Gyosei International College in the UK (GIC) (英国暁星国際大学, Eikoku Gyōsei Kokusai Daigaku), later known as Witan Hall (ウィタン・カレッジ, Witan Karejji) and Witan International College (WIC), was a Japanese international post-secondary education campus, located in Reading, Berkshire. In the final part of its life it became a wholly owned subsidiary of the University of Reading.

It offered undergraduate degrees and master's degrees. Its undergraduate degrees were primarily business studies degrees with language studies or culture studies. Its master's degree programs were in business studies and in culture studies. The school also offered short international career skills courses and English courses. Gyosei students were permitted to take First University Examinations from the University of Reading, and University of Reading students were permitted to take some courses administered by staff of Gyosei College. At one time the Office of International Criminal Justice had a branch office located at Gyosei College.

==History==
Father Shigeru Tagawa (田川 茂 Tagawa Shigeru), the principal of the Gyosei International School, had wanted to establish an international college as an extension of his school. Dr. Takashi Nozu, the chairperson of the board of trustees and the former president of the Japan Junior Chamber of Commerce, gave his financial support. A committee for the preparation of the establishment of the college was established in April 1987. The Department for Education officially recognised the college in November 1988. The tentative opening was April 1989.

This school was established in 1989. On that year it acquired some land and buildings in a facility along London Road owned by the University of Reading. Gyosei owned and operated Mansfield Hall and St David's Hall to house its students. The site, which Gyosei College took portions of, had a total of 10 acre of land. The University of Reading operated in the remainder of the buildings left at the site, consisting of its War Memorial Clock Tower and the Great Hall as well as the garden areas surrounding the two sites.

During the month of April 1989 the college accepted its first students, forty business school students. In April 1990 it accepted 80 students in the business and culture studies departments. It held its opening ceremony on 19 May 1990.

In 1993 the Language Department established a two-year British studies course. In 1994 the college established a BA programme. In 2001 the school accepted the first students for the MA degree programme. The City University, London validated the degrees offered by the Gyosei BA and MA programmes.
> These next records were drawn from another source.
(* Let $A\in\mathbb{R}^{n\times n}$, $B\in\mathbb{R}^{n\times m}$, $C\in\mathbb{R}^{p\times n}$, $D\in\mathbb{R}^{p\times p}$ with $(A,B)$ reachable, $(C,A)$ observable, $BB^T\succ0$, $DD^T\succ0$. Fix $c>0$ and a positive integer $N$. Let $P_0\in\mathcal{P}$ be arbitrary, $P_{t+1}=r^R_c(P_t)$ for $t\ge0$, and $P^d_k=P_{kN}$ for $k\ge0$ (the $N$-block, i.e. downsampled, iteration). Let $(\overline{P}_t)_{t\ge0}$ be defined by $\overline{P}_0=BB^T$, $\overline{P}_{t+1}=r(\overline{P}_t)$. Then for every integer $q\ge0$, $$P_t\succeq\overline{P}_q\quad\text{for all } t\ge q+1,\qquad\text{and}\qquad P^d_k\succeq \overline{P}_q\quad\text{for all } k\ge \Big\lceil \tfrac{q+1}{N}\Big\rceil.$$
   Context: $\mathcal{P}$ denotes the cone of $n\times n$ real symmetric positive definite matrices; $\succeq$ is the Loewner order; $\lambda_1(P)$ is the largest eigenvalue of $P$. For $P\in\mathcal{P}$ and $\theta$ with $I-\theta P\succ0$, let $\gamma(\theta,P)=\tfrac12\big[\log\det(I-\theta P)+\mathrm{tr}((I-\theta P)^{-1})-n\big]$. For $c>0$ and $P\in\mathcal{P}$, $\theta_c(P)$ denotes the unique $\theta\in(0,\lambda_1(P)^{-1})$ with $\gamma(\theta,P)=c$ (its existence and uniqueness are taken as given). Define $r^R_c(P)=A[P^{-1}+C^T(DD^T)^{-1}C-\theta_c(P)I_n]^{-1}A^T+BB^T$ (the risk sensitive like Riccati map) and $r(P)=A[P^{-1}+C^T(DD^T)^{-1}C]^{-1}A^T+BB^T$ (the Riccati map). *)

theory Defs
  imports "HOL-Analysis.Analysis"
begin

type_synonym 'n sqmat = "real^'n^'n"

fun mat_pow :: "real^'n^'n \<Rightarrow> nat \<Rightarrow> real^'n^'n" where
  "mat_pow A 0 = mat 1"
| "mat_pow A (Suc k) = A ** mat_pow A k"

definition pos_def :: "real^'n^'n \<Rightarrow> bool" where
  "pos_def P \<longleftrightarrow> transpose P = P \<and> (\<forall>x. x \<noteq> 0 \<longrightarrow> x \<bullet> (P *v x) > 0)"
text \<open>On the circle |x| = r with |u| r = k a factor exp(u x) is at most e^k, and Cauchy's
  inequality turns this into k! e^k / k^k = O(k).\<close>

lemma higher_deriv_div_power_le:
  fixes E :: "complex \<Rightarrow> complex" and u :: complex
  assumes hol: "E holomorphic_on ball 0 R" and r: "0 < r" "r < R"
    and ur: "norm u * r = real k" and k: "k \<ge> 1"
    and E_le: "\<And>x. norm x = r \<Longrightarrow> norm (E x) \<le> A * exp (real k)"
  shows "norm ((deriv ^^ k) E 0 / u ^ k) \<le> exp 1 * A * real k"
proof -
  have "norm (E (of_real r)) \<le> A * exp (real k)" using r by (intro E_le) simp
  then have "0 \<le> A * exp (real k)" by (rule order_trans[OF norm_ge_zero])
  then have A: "A \<ge> 0" by (simp add: zero_le_mult_iff)
  have sub: "cball 0 r \<subseteq> ball 0 R" using r by auto
  have "norm ((deriv ^^ k) E 0) \<le> fact k * (A * exp (real k)) / r ^ k"
    using sub r E_le
    by (intro Cauchy_inequality holomorphic_on_subset[OF hol]
          holomorphic_on_imp_continuous_on[OF holomorphic_on_subset[OF hol sub]]) (auto simp: dist_norm)
  then have "norm ((deriv ^^ k) E 0 / u ^ k) \<le> fact k * (A * exp (real k)) / r ^ k / norm u ^ k"
    unfolding norm_divide norm_power by (rule divide_right_mono) simp
  also have "\<dots> = A * (fact k * exp (real k)) / real k ^ k"
    by (simp add: divide_divide_eq_left power_mult_distrib mult_ac flip: ur)
  also have "\<dots> \<le> A * (exp 1 * real k ^ Suc k) / real k ^ k"
    using fact_mult_exp_le[OF k] A by (intro divide_right_mono mult_left_mono) auto
  also have "\<dots> = exp 1 * A * real k" using k by simp
  finally show ?thesis .
qed

section \<open>Powers of a function that is flat at the origin\<close>

lemma tendsto_0_if_mult_square_bounded:
  fixes s :: "nat \<Rightarrow> 'a::real_normed_vector"
  assumes "eventually (\<lambda>n. real n * norm (s n) ^ 2 \<le> B) sequentially"
  shows "s \<longlonglongrightarrow> 0"
proof (rule Lim_null_comparison)
  show "eventually (\<lambda>n. norm (s n) \<le> sqrt (B * inverse (real n))) sequentially"
    using assms eventually_gt_at_top[of 0]
  proof eventually_elim
    case (elim n)
    then have "norm (s n) ^ 2 \<le> B * inverse (real n)" by (simp add: field_simps)
    then show ?case by (simp add: real_le_rsqrt)
  qed
  have "(\<lambda>n. sqrt (B * inverse (real n))) \<longlonglongrightarrow> sqrt (B * 0)"
    by (intro tendsto_real_sqrt tendsto_mult tendsto_const lim_inverse_n)
  then show "(\<lambda>n. sqrt (B * inverse (real n))) \<longlonglongrightarrow> 0" by simp
qed

lemma eventually_norm_scaled_square_le:
  fixes s :: "nat \<Rightarrow> 'a::real_normed_field"
  assumes "eventually (\<lambda>n. real n * norm (s n) ^ 2 \<le> B) sequentially"
  shows "eventually (\<lambda>n. norm (of_nat n * b * s n ^ 2) \<le> norm b * B) sequentially"
  using assms
proof eventually_elim
  case (elim n)
  then have "norm b * (real n * norm (s n) ^ 2) \<le> norm b * B" by (intro mult_left_mono) auto
  then show ?case by (simp add: norm_mult norm_power mult_ac)
qed

lemma scaled_Ln_minus_tendsto_0:
  fixes w \<beta> :: "nat \<Rightarrow> complex"
  assumes w: "w \<longlonglongrightarrow> 0" and w_\<beta>: "(\<lambda>n. of_nat n * w n - \<beta> n) \<longlonglongrightarrow> 0"
    and \<beta>: "eventually (\<lambda>n. norm (\<beta> n) \<le> B) sequentially"
  shows "(\<lambda>n. of_nat n * Ln (1 + w n) - \<beta> n) \<longlonglongrightarrow> 0"
proof (rule Lim_null_comparison)
  have w_small: "eventually (\<lambda>n. norm (w n) \<le> 1/2) sequentially"
    using tendstoD[OF w, of "1/2"] by (auto elim!: eventually_mono)
  show "eventually (\<lambda>n. norm (of_nat n * Ln (1 + w n) - \<beta> n) \<le> 2 * (norm (of_nat n * w n - \<beta> n) + B) * norm (w n)
      + norm (of_nat n * w n - \<beta> n)) sequentially"
    using w_small \<beta>
  proof eventually_elim
    case (elim n)
    have "norm (Ln (1 + w n) - w n) \<le> norm (w n) ^ 2 / (1 - norm (w n))"
      using elim(1) by (intro Ln_approx_linear) simp
    also have "\<dots> \<le> norm (w n) ^ 2 / (1/2)"
      using elim(1) by (intro divide_left_mono) auto
    finally have "norm (Ln (1 + w n) - w n) \<le> 2 * norm (w n) ^ 2" by simp
    then have "norm (of_nat n * (Ln (1 + w n) - w n)) \<le> 2 * norm (of_nat n * w n) * norm (w n)"
      by (simp add: norm_mult power2_eq_square mult_left_mono mult_ac)
    also have "\<dots> \<le> 2 * (norm (of_nat n * w n - \<beta> n) + B) * norm (w n)"
      using elim(2) norm_triangle_sub[of "of_nat n * w n" "\<beta> n"]
      by (intro mult_right_mono) auto
    finally have le: "norm (of_nat n * (Ln (1 + w n) - w n))
        \<le> 2 * (norm (of_nat n * w n - \<beta> n) + B) * norm (w n)" .
    have eq: "of_nat n * Ln (1 + w n) - \<beta> n = of_nat n * (Ln (1 + w n) - w n) + (of_nat n * w n - \<beta> n)"
      by (simp add: right_diff_distrib)
    show ?case unfolding eq
      using le norm_triangle_ineq[of "of_nat n * (Ln (1 + w n) - w n)" "of_nat n * w n - \<beta> n"]
      by linarith
  qed
  have "(\<lambda>n. 2 * (norm (of_nat n * w n - \<beta> n) + B) * norm (w n)
      + norm (of_nat n * w n - \<beta> n)) \<longlonglongrightarrow> 2 * (norm (0::complex) + B) * norm (0::complex) + norm (0::complex)"
    by (intro tendsto_add tendsto_mult tendsto_const tendsto_norm w w_\<beta>)
  then show "(\<lambda>n. 2 * (norm (of_nat n * w n - \<beta> n) + B) * norm (w n)
      + norm (of_nat n * w n - \<beta> n)) \<longlonglongrightarrow> 0" by simp
qed

lemma power_minus_exp_tendsto_0:
  fixes w \<beta> :: "nat \<Rightarrow> complex"
  assumes w: "w \<longlonglongrightarrow> 0" and w_\<beta>: "(\<lambda>n. of_nat n * w n - \<beta> n) \<longlonglongrightarrow> 0"
    and \<beta>: "eventually (\<lambda>n. norm (\<beta> n) \<le> B) sequentially"
  shows "(\<lambda>n. (1 + w n) ^ n - exp (\<beta> n)) \<longlonglongrightarrow> 0"
proof -
  define d where "d n = of_nat n * Ln (1 + w n) - \<beta> n" for n
  have w_small: "eventually (\<lambda>n. norm (w n) \<le> 1/2) sequentially"
    using tendstoD[OF w, of "1/2"] by (auto elim!: eventually_mono)
  have "d \<longlonglongrightarrow> 0" unfolding d_def by (rule scaled_Ln_minus_tendsto_0[OF w w_\<beta> \<beta>])
  then have "(\<lambda>n. exp B * norm (exp (d n) - 1)) \<longlonglongrightarrow> exp B * norm (exp 0 - 1 :: complex)"
    by (intro tendsto_mult tendsto_const tendsto_norm tendsto_diff tendsto_exp)
  then have "(\<lambda>n. exp B * norm (exp (d n) - 1)) \<longlonglongrightarrow> 0" by simp
  moreover have "eventually (\<lambda>n. norm ((1 + w n) ^ n - exp (\<beta> n)) \<le> exp B * norm (exp (d n) - 1)) sequentially"
    using w_small \<beta>
  proof eventually_elim
    case (elim n)
    then have "w n \<noteq> -1" by auto
    then have "1 + w n \<noteq> 0" by (simp add: add_eq_0_iff)
    have "exp (\<beta> n) * exp (d n) = exp (of_nat n * Ln (1 + w n))"
      by (simp add: d_def flip: exp_add)
    also have "\<dots> = (1 + w n) ^ n"
      using \<open>1 + w n \<noteq> 0\<close> by (simp add: exp_of_nat_mult)
    finally have "(1 + w n) ^ n = exp (\<beta> n) * exp (d n)" ..
    then have "(1 + w n) ^ n - exp (\<beta> n) = exp (\<beta> n) * (exp (d n) - 1)"
      by (simp add: right_diff_distrib)
    then have "norm ((1 + w n) ^ n - exp (\<beta> n)) = norm (exp (\<beta> n)) * norm (exp (d n) - 1)"
      by (simp add: norm_mult)
    also have "norm (exp (\<beta> n)) \<le> exp B"
      using elim(2) abs_Re_le_cmod[of "\<beta> n"] by simp
    finally show ?case by (simp add: mult_right_mono)
  qed
  ultimately show ?thesis by (auto intro: Lim_null_comparison)
qed
(* Suppose $\dim_{\mathbb{C}}N=n-m\le 3$, where $N=\mathrm{span}_{\mathbb{C}}\{I_{m+1},\dots,I_n\}$ is the nilpotent subalgebra of $\mathbb{A}_n^m$. Then for every circle $C$ as described in the context, $\lambda:=\int_C\zeta^{-1}\,d\zeta=2\pi i$ (that is, $2\pi i$ times the unit of $\mathbb{A}_n^m$).
   Context: Fix natural numbers $m\le n$. $\mathbb{A}_n^m$ is a commutative associative algebra with unit over $\mathbb{C}$ with a basis $\{I_k\}_{k=1}^n$ satisfying: (1) for $r,s\in\{1,\dots,m\}$, $I_rI_s=0$ if $r\ne s$ and $I_rI_r=I_r$; (2) for $r,s\in\{m+1,\dots,n\}$, $I_rI_s=\sum_{k=\max\{r,s\}+1}^{n}\Upsilon^{s}_{r,k}I_k$ with constants $\Upsilon^s_{r,k}\in\mathbb{C}$; (3) for each $s\in\{m+1,\dots,n\}$ there is a unique $u_s\in\{1,\dots,m\}$ such that for $r\in\{1,\dots,m\}$, $I_rI_s=I_s$ if $r=u_s$ and $0$ otherwise. Unit $1=\sum_{u=1}^mI_u$; $\mathbb{A}_n^m=S\oplus_sN$ with $S=\mathrm{span}\{I_1,\dots,I_m\}$ and $N=\mathrm{span}\{I_{m+1},\dots,I_n\}$. $f_u(\sum_k\lambda_kI_k)=\lambda_u$. Let $e_1=1$, $e_2=\sum_ka_kI_k$, $e_3=\sum_kb_kI_k$ ($a_k,b_k\in\mathbb{C}$) be linearly independent over $\mathbb{R}$; $\zeta=xe_1+ye_2+ze_3$ ($x,y,z\in\mathbb{R}$), $E_3$ their real span. Standing assumption: $f_u(E_3)=\mathbb{C}$ for all $u=1,\dots,m$. $\zeta$ is non-invertible exactly when $(x,y,z)$ lies on one of the lines $L_u=\{x+y\,\mathrm{Re}\,a_u+z\,\mathrm{Re}\,b_u=0,\ y\,\mathrm{Im}\,a_u+z\,\mathrm{Im}\,b_u=0\}$. The circle: $C\subset E_3$ is $C=\{xe_1+ye_2+ze_3:(x,y,z)\in C'\}$ for a Euclidean circle $C'\subset\mathbb{R}^3$ of radius $R>0$ centered at the origin, such that for every $u$ the image $f_u(C)$ is a positively oriented closed Jordan curve in $\mathbb{C}$ bounding a domain containing $0$. Integral: for a Jordan rectifiable curve $\gamma$ and continuous $\Psi=\sum_k(U_k+iV_k)I_k$ on $\gamma_\zeta$, $\int_{\gamma_\zeta}\Psi d\zeta:=\sum_kI_k\int_\gamma(U_k+iV_k)dx+\sum_ke_2I_k\int_\gamma(U_k+iV_k)dy+\sum_ke_3I_k\int_\gamma(U_k+iV_k)dz$. *)

theory Defs
  imports "HOL-Complex_Analysis.Complex_Analysis"
begin

text \<open>Elements of the algebra A_n^m are coefficient vectors (nat => complex)
  w.r.t. the basis I_1,...,I_n, supported on {1..n}.
  Parameters: m n (dimensions), Ups s r k = Upsilon^s_{r,k}, u s = u_s.\<close>

definition alg_elem :: "nat \<Rightarrow> (nat \<Rightarrow> complex) \<Rightarrow> bool" where
  "alg_elem n v \<longleftrightarrow> (\<forall>k. k \<notin> {1..n} \<longrightarrow> v k = 0)"

definition basis_vec :: "nat \<Rightarrow> nat \<Rightarrow> complex" where
  "basis_vec r = (\<lambda>k. if k = r then 1 else 0)"

definition basis_mult ::
  "nat \<Rightarrow> nat \<Rightarrow> (nat \<Rightarrow> nat \<Rightarrow> nat \<Rightarrow> complex) \<Rightarrow> (nat \<Rightarrow> nat) \<Rightarrow> nat \<Rightarrow> nat \<Rightarrow> nat \<Rightarrow> complex" where
  "basis_mult m n Ups u r s =
     (if r \<le> m \<and> s \<le> m then (if r = s then basis_vec r else (\<lambda>_. 0))
      else if m < r \<and> m < s then (\<lambda>k. if max r s < k \<and> k \<le> n then Ups s r k else 0)
      else if r \<le> m then (if r = u s then basis_vec s else (\<lambda>_. 0))
      else (if s = u r then basis_vec r else (\<lambda>_. 0)))"
(* Let $\mathbb{F}\in\{\mathbb{R},\mathbb{C}\}$, let $\{\varphi_i\}_{i=1}^M$ be a Parseval frame for $\mathbb{F}^N$, and let $0<k\leq N$. Assume that all $k$-element subsets of the frame span parallelotopes of the same $k$-dimensional volume, i.e. $v_k(\Phi_K)$ is the same for all $K\subseteq[M]$ with $|K|=k$. Then all $(k-1)$-element subsets also span parallelotopes of the same $(k-1)$-dimensional volume, i.e. $v_{k-1}(\Phi_J)$ is the same for all $J\subseteq[M]$ with $|J|=k-1$.
   Context: A Parseval frame for $\mathbb{F}^N$ is a family $\{\varphi_i\}_{i=1}^M\subseteq\mathbb{F}^N$ whose $N\times M$ matrix $\Phi$ (columns $\varphi_i$) satisfies $\Phi\Phi^*=I$. For $K\subseteq[M]$, $\Phi_K$ is the submatrix of columns indexed by $K$, and for an $N\times m$ matrix $F$ with $m\le N$, $v_m(F)=\sqrt{\det(F^*F)}$ (with $v_0=1$). *)

theory Defs
  imports "Jordan_Normal_Form.Schur_Decomposition" "Jordan_Normal_Form.DL_Submatrix"
begin

text \<open>A Parseval frame for F^N with M vectors: the N x M synthesis matrix Phi
  (columns = frame vectors, indexed 0..M-1) satisfies Phi Phi^* = I.\<close>
definition parseval_frame :: "'a::conjugatable_field mat \<Rightarrow> nat \<Rightarrow> nat \<Rightarrow> bool" where
  "parseval_frame \<Phi> N M \<longleftrightarrow> \<Phi> \<in> carrier_mat N M \<and> \<Phi> * mat_adjoint \<Phi> = 1\<^sub>m N"
(* Block MDP data:
   - latent states: type 's (finite); layer s = h means s \<in> S_h
   - observations: type 'x (countable); xlayer x = h means x \<in> X_h
   - actions: type 'a (finite), A = UNIV
   - mu: start distribution, T s a: transition, q s: emission.
   A (non-stationary) policy is p :: nat \<Rightarrow> 'x \<Rightarrow> 'a pmf, p h used at step h (1-based). *)

definition block_mdp ::
  "nat \<Rightarrow> ('s::finite \<Rightarrow> nat) \<Rightarrow> ('x::countable \<Rightarrow> nat) \<Rightarrow> 's pmf
   \<Rightarrow> ('s \<Rightarrow> 'a::finite \<Rightarrow> 's pmf) \<Rightarrow> ('s \<Rightarrow> 'x pmf) \<Rightarrow> bool" where
  "block_mdp H layer xlayer mu T q \<longleftrightarrow>
     (\<forall>s. layer s \<in> {1..H}) \<and>
     set_pmf mu \<subseteq> {s. layer s = 1} \<and>
     (\<forall>s a. layer s < H \<longrightarrow> set_pmf (T s a) \<subseteq> {s'. layer s' = layer s + 1}) \<and>
     (\<forall>s. set_pmf (q s) \<subseteq> {x. xlayer x = layer s}) \<and>
     (\<forall>s s'. s \<noteq> s' \<longrightarrow> set_pmf (q s) \<inter> set_pmf (q s') = {})"

definition decoder :: "('s \<Rightarrow> 'x pmf) \<Rightarrow> 'x \<Rightarrow> 's" where
  "decoder q x = (THE s. x \<in> set_pmf (q s))"

text \<open>Distribution of the latent state at step k+1 when following policy p.\<close>
primrec state_dist ::
  "'s pmf \<Rightarrow> ('s \<Rightarrow> 'a \<Rightarrow> 's pmf) \<Rightarrow> ('s \<Rightarrow> 'x pmf) \<Rightarrow> (nat \<Rightarrow> 'x \<Rightarrow> 'a pmf) \<Rightarrow> nat \<Rightarrow> 's pmf" where
  "state_dist mu T q p 0 = mu"
| "state_dist mu T q p (Suc k) =
     state_dist mu T q p k \<bind> (\<lambda>s. q s \<bind> (\<lambda>x. p (Suc k) x \<bind> (\<lambda>a. T s a)))"
(* Let $\Omega\subset\mathbb{R}^N$ be an open bounded domain with smooth boundary, $s\in(0,1)$, $N>2s$, and if $s\in(0,\tfrac12)$ assume $\Omega$ convex. Let $q>0$, $\gamma>0$, $0\le f,\mu\in L^1(\Omega)$, and let $K\in C^\theta_{\mathrm{loc}}(\Omega)$, $\theta\in(0,1)$, satisfy $C_1\delta^{-\beta}\le K\le C_2\delta^{-\beta}$ in $\Omega$ with $C_1,C_2>0$, $0\le\beta<2s$, where either $0<\frac{\beta}{s}+q<1$, or $\frac{\beta}{s}+q>1$ with $2\beta+q(2s-1)<2s+1$. For each $n\in\mathbb{N}$ let $f_n=T_n(f)$, $\mu_n=T_n(\mu)$, and let $w_n\in X_0^s(\Omega)\cap\mathcal{C}_q$ be a weak energy solution of $$(-\Delta)^s w_n=K(x)w_n^{-q}+\frac{f_n(x)}{(w_n+\frac1n)^\gamma}+\mu_n\ \text{in }\Omega,\quad w_n>0\ \text{in }\Omega,\quad w_n=0\ \text{in }\mathbb{R}^N\setminus\Omega.$$ Then for every $k>0$: (i) if $0<\gamma\le1$, $\{T_k(w_n)\}_{n\ge1}$ is bounded in $X_0^s(\Omega)$; (ii) if $\gamma>1$, $\{T_k^{\frac{\gamma+1}{2}}(w_n)\}_{n\ge1}$ is bounded in $X_0^s(\Omega)$ and $\{T_k(w_n)\}_{n\ge1}$ is bounded in $X^s_{\mathrm{loc}}(\Omega)$.
   Context: $\delta(x)=\mathrm{dist}(x,\partial\Omega)$; $(-\Delta)^s$ is the fractional Laplacian. $X_0^s(\Omega)$: measurable $u$ on $\mathbb{R}^N$, $u=0$ a.e. outside $\Omega$, with $\|u\|_{X_0^s}^2=\iint_{D_\Omega}\frac{|u(x)-u(y)|^2}{|x-y|^{N+2s}}dxdy<\infty$, $D_\Omega=\mathbb{R}^{2N}\setminus(\Omega^c\times\Omega^c)$. $X^s_{\mathrm{loc}}(\Omega)$: functions $u$ with $u\phi\in X_0^s(\Omega)$ for all $\phi\in C_c^\infty(\Omega)$ (boundedness meaning boundedness of $\{u_n\phi\}$ in $X_0^s(\Omega)$ for each such $\phi$). $T_k(t)=\max(-k,\min(k,t))$. $\mathcal{C}_q$ is the set of $u\in L^\infty(\Omega)$ for which there exist $k_1,k_2>0$ with $k_1\delta^s\le u\le k_2\delta^s$ if $0<\frac\beta s+q<1$, and $k_1\delta^{\frac{2s-\beta}{q+1}}\le u\le k_2\delta^{\frac{2s-\beta}{q+1}}$ if $\frac\beta s+q>1$. A weak energy solution $w\in X_0^s(\Omega)$ is one that is bounded below by a positive constant on each compact subset of $\Omega$, vanishes outside $\Omega$, and satisfies $\int_{\mathbb{R}^N}(-\Delta)^{s/2}w\,(-\Delta)^{s/2}\phi\,dx=\int_\Omega(\text{right-hand side})\phi\,dx$ for all $\phi\in X_0^s(\Omega)$. *)

theory Defs
  imports "HOL-Analysis.Analysis"
begin

definition trunc :: "real \<Rightarrow> real \<Rightarrow> real" where
  "trunc k t = max (- k) (min k t)"

fun Ck_on :: "nat \<Rightarrow> ('a::euclidean_space \<Rightarrow> real) \<Rightarrow> 'a set \<Rightarrow> bool" where
  "Ck_on 0 f S = continuous_on S f"
| "Ck_on (Suc k) f S = (f differentiable_on S \<and>
      (\<forall>i\<in>Basis. Ck_on k (\<lambda>x. frechet_derivative f (at x) i) S))"

definition smooth_on :: "('a::euclidean_space \<Rightarrow> real) \<Rightarrow> 'a set \<Rightarrow> bool" where
  "smooth_on f S = (\<forall>k. Ck_on k f S)"

definition smooth_boundary :: "'a::euclidean_space set \<Rightarrow> bool" where
  "smooth_boundary \<Omega> = (\<exists>\<rho>. smooth_on \<rho> UNIV \<and> \<Omega> = {x. \<rho> x < 0} \<and>
      (\<forall>x. \<rho> x = 0 \<longrightarrow> frechet_derivative \<rho> (at x) \<noteq> (\<lambda>v. 0)))"

definition Cc_inf :: "'a::euclidean_space set \<Rightarrow> ('a \<Rightarrow> real) \<Rightarrow> bool" where
  "Cc_inf \<Omega> \<phi> = (smooth_on \<phi> UNIV \<and> compact (closure {x. \<phi> x \<noteq> 0})
      \<and> closure {x. \<phi> x \<noteq> 0} \<subseteq> \<Omega>)"

definition holder_loc :: "real \<Rightarrow> 'a::euclidean_space set \<Rightarrow> ('a \<Rightarrow> real) \<Rightarrow> bool" where
  "holder_loc \<theta> \<Omega> K = (continuous_on \<Omega> K \<and>
      (\<forall>C. compact C \<and> C \<subseteq> \<Omega> \<longrightarrow>
         (\<exists>L. \<forall>x\<in>C. \<forall>y\<in>C. \<bar>K x - K y\<bar> \<le> L * dist x y powr \<theta>)))"

definition bdist :: "'a::euclidean_space set \<Rightarrow> 'a \<Rightarrow> real" where
  "bdist \<Omega> x = infdist x (frontier \<Omega>)"

definition D_set :: "'a::euclidean_space set \<Rightarrow> ('a \<times> 'a) set" where
  "D_set \<Omega> = UNIV - ((- \<Omega>) \<times> (- \<Omega>))"

definition gag_sq :: "real \<Rightarrow> 'a::euclidean_space set \<Rightarrow> ('a \<Rightarrow> real) \<Rightarrow> ennreal" where
  "gag_sq s \<Omega> u = (\<integral>\<^sup>+ z. indicator (D_set \<Omega>) z *
      ennreal ((u (fst z) - u (snd z))\<^sup>2 / norm (fst z - snd z) powr (real DIM('a) + 2 * s))
      \<partial>(lebesgue \<Otimes>\<^sub>M lebesgue))"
In July 2002 college's name officially changed to "Witan Hall (incorporating Gyosei International College in the UK)." This school's new name was also stated as Witan International College. In 2004 the University of Reading announced that it agreed to take control of the WIC. No further BA or Licencate students would be accepted and the final such students from Witan would graduate in March 2008. The university anticipated that MA students would be admitted in 2004 and 2005. As of 2004 Witan had 200 registered students.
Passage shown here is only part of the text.